With Women Talking, Sarah Polley adapts Miriam Toews’ 2018 novel in a way that feels like a response to the last several years. The book, which concerns women in a Mennonite colony deciding whether to leave their community and the men who spent years assaulting and raping them, published after the downfall of Harvey Weinstein and the formation of the #MeToo movement, which made its subject and themes reverberate around topics that were, and still are, at the forefront of media and public discourse. Polley leans hard into the bigger ideas, making her film less of a chamber piece and more a fumbled commentary on where we are now. Schematic in its intent and pedestrian in its execution, Women Talking is a well-meaning drama that’s obvious in all the wrong ways.
Women Talking largely takes place in the hayloft of the village’s barn, where two families of women gather to break a tie vote between staying and fighting or packing their things and leaving. There’s Agata (Judith Ivey) and her daughters Ona (Rooney Mara) and Salome (Claire Foy); Greta (Sheila McCarthy) and her daughters Mariche (Jessie Buckley) and Mejal (Michelle McLeod); and schoolteacher August (Ben Whishaw), who takes the minutes since he can read, write, and is also one of the only men the women don’t feel threatened by. Other characters, like the teenage daughters of both clans, also participate, but mostly as sources of levity between some heavier moments.

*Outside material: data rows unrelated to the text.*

lemma poly_lagrange_basis:
  assumes "inj_on x {..n}" "i \<le> n" "j \<le> n"
  shows "poly (lagrange_basis x n j) (x i) = (if i = j then 1 else 0)"
proof (cases "i = j")
  case True
  have "(\<Prod>m\<in>{..n}-{j}. x j - x m) \<noteq> 0"
    using assms by (auto dest: inj_onD)
  then show ?thesis
    using True by (simp add: lagrange_basis_def poly_prod)
next
  case False
  then have "(\<Prod>m\<in>{..n}-{j}. poly [:- x m, 1:] (x i)) = 0"
    using assms(2) by (intro prod_zero) (auto intro!: bexI[of _ i])
  then show ?thesis
    using False by (simp add: lagrange_basis_def poly_prod)
qed

lemma degree_lagrange_basis:
  assumes "j \<le> n"
  shows "degree (lagrange_basis x n j) \<le> n"
proof -
  have "degree (\<Prod>m\<in>{..n}-{j}. [:- x m, 1:]) \<le> (\<Sum>m\<in>{..n}-{j}. 1)"
    by (rule order_trans[OF degree_prod_sum_le]) auto
  also have "\<dots> = n"
    using assms by simp
  finally show ?thesis
    unfolding lagrange_basis_def by (rule order_trans[OF degree_smult_le])
qed

lemma lagrange_interpolation:
  assumes "inj_on x {..n}" "degree P \<le> n"
  shows "P = (\<Sum>j\<le>n. smult (poly P (x j)) (lagrange_basis x n j))"
proof (rule poly_eqI_degree[of "x ` {..n}"])
  have card: "card (x ` {..n}) = Suc n"
    using assms(1) by (simp add: card_image)
  show "degree P < card (x ` {..n})"
    using assms(2) card by simp
  have "degree (\<Sum>j\<le>n. smult (poly P (x j)) (lagrange_basis x n j)) \<le> n"
    by (intro degree_sum_le) (auto intro: order_trans[OF degree_smult_le] degree_lagrange_basis)
  then show "degree (\<Sum>j\<le>n. smult (poly P (x j)) (lagrange_basis x n j)) < card (x ` {..n})"
    using card by simp
next
  fix y assume "y \<in> x ` {..n}"
  then obtain i where i: "i \<le> n" "y = x i"
    by auto
  have "poly (\<Sum>j\<le>n. smult (poly P (x j)) (lagrange_basis x n j)) y
          = (\<Sum>j\<le>n. if i = j then poly P (x j) else 0)"
    unfolding poly_sum using i assms(1) by (intro sum.cong) (auto simp: poly_lagrange_basis)
  then show "poly P y = poly (\<Sum>j\<le>n. smult (poly P (x j)) (lagrange_basis x n j)) y"
    using i by simp
qed

lemma higher_pderiv_bound:
  fixes a b :: real
  assumes "a < b"
  shows "\<exists>C\<ge>0. \<forall>P M x. degree P \<le> n \<longrightarrow> (\<forall>y\<in>{a..b}. \<bar>poly P y\<bar> \<le> M) \<longrightarrow> x \<in> {a..b} \<longrightarrow>
           \<bar>poly ((pderiv ^^ k) P) x\<bar> \<le> C * M"
proof -
  define node where "node j = a + (b - a) * (real j / real (Suc n))" for j
  have inj: "inj_on node {..n}"
    using assms by (intro inj_onI) (simp add: node_def)
  have node_in: "node j \<in> {a..b}" if "j \<le> n" for j
  proof -
    have "real j / real (Suc n) \<le> 1"
      using that by simp
    then show ?thesis
      using assms mult_left_le[of "real j / real (Suc n)" "b - a"] by (simp add: node_def)
  qed
  have "\<forall>j. \<exists>B\<ge>0. \<forall>x\<in>{a..b}. \<bar>poly ((pderiv ^^ k) (lagrange_basis node n j)) x\<bar> \<le> B"
    by (blast intro: poly_bounded_on_compact)
  then obtain B where B: "\<And>j. B j \<ge> 0"
    "\<And>j x. x \<in> {a..b} \<Longrightarrow> \<bar>poly ((pderiv ^^ k) (lagrange_basis node n j)) x\<bar> \<le> B j"
    by metis
  show ?thesis
  proof (intro exI[of _ "\<Sum>j\<le>n. B j"] conjI allI impI)
    show "0 \<le> (\<Sum>j\<le>n. B j)"
      by (simp add: sum_nonneg B)
    fix P :: "real poly" and M x
    assume P: "degree P \<le> n" "\<forall>y\<in>{a..b}. \<bar>poly P y\<bar> \<le> M" and x: "x \<in> {a..b}"
    have "(pderiv ^^ k) P = (\<Sum>j\<le>n. smult (poly P (node j)) ((pderiv ^^ k) (lagrange_basis node n j)))"
      by (subst lagrange_interpolation[OF inj P(1)]) (simp add: higher_pderiv_sum higher_pderiv_smult)
    then have "\<bar>poly ((pderiv ^^ k) P) x\<bar>
                 \<le> (\<Sum>j\<le>n. \<bar>poly P (node j)\<bar> * \<bar>poly ((pderiv ^^ k) (lagrange_basis node n j)) x\<bar>)"
      by (simp add: poly_sum sum_abs flip: abs_mult)
    also have "\<dots> \<le> (\<Sum>j\<le>n. M * B j)"
      using P(2) node_in B x by (intro sum_mono mult_mono) auto
    finally show "\<bar>poly ((pderiv ^^ k) P) x\<bar> \<le> (\<Sum>j\<le>n. B j) * M"
      by (simp add: sum_distrib_left mult.commute)
  qed
qed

In its politics and overall messaging, Women Talking is unimpeachable. The humanist approach of Polley’s screenplay quickly points out the dynamics of the patriarchal systems that oppress these women, the way said systems and their methods get passed from one generation to the next, and how solidarity and hope can pave the way to a bright (if uncertain) future. If these points are all well and fine, a film should aspire to elicit more than nods of agreement. When Polley underlines every single point with the broadest of strokes, any investment or immersion into the story gets wiped out by the bigger picture. Characters operate more like mouthpieces for common perspectives on debates over gender equality; Salome embodies righteous fury, Mariche wants the path of least resistance, Ona takes on the role of the intellectual, and Agata and Greta are the wise elders whose inputs guide everyone to their final decision. Every moment exists alongside the machinations behind it, which makes Women Talking more like a case of bad reverse-engineering than effective metaphor or allegory.
Polley’s direction is even more disappointing after a strong track record established by Away From Her and Take This Waltz. Maybe it’s from working with a larger ensemble in a single location, but images feel more driven by coverage and function than anything else. Most conversations have the camera plunked down with each character front and center, cutting from one to the next with a slow zoom thrown in every now and then when someone has a monologue. (It says something when the film devolves into a guessing game of which part will end up getting airtime on awards shows.) We’re lucky a cast this talented can bring more to the table, but the nature of these characters and how they’re constructed mean they can only do so much. While Foy’s rage-fueled performance gets the big moments, the standouts are Ivey and McCarthy, whose stoicism doubles as a veneer for the decades of abuse they’ve endured that eventually cracks as the discussions carry on through the night.
Also notable is Whishaw, though the amount of depth and sensitivity he brings to his role is almost in direct opposition to how Polley writes him as the ultimate ally; a moment where Mariche says “not all men” before the score swells and Polley cuts to Whishaw is downright laughable. However easy it is to admire Polley’s efforts to provide an example of the solidarity and courage it takes to build a better world, that alone doesn’t equate to good filmmaking. Women Talking doesn’t meet the moment so much as show up for it.
Women Talking screened at the Toronto International Film Festival and opens on December 2.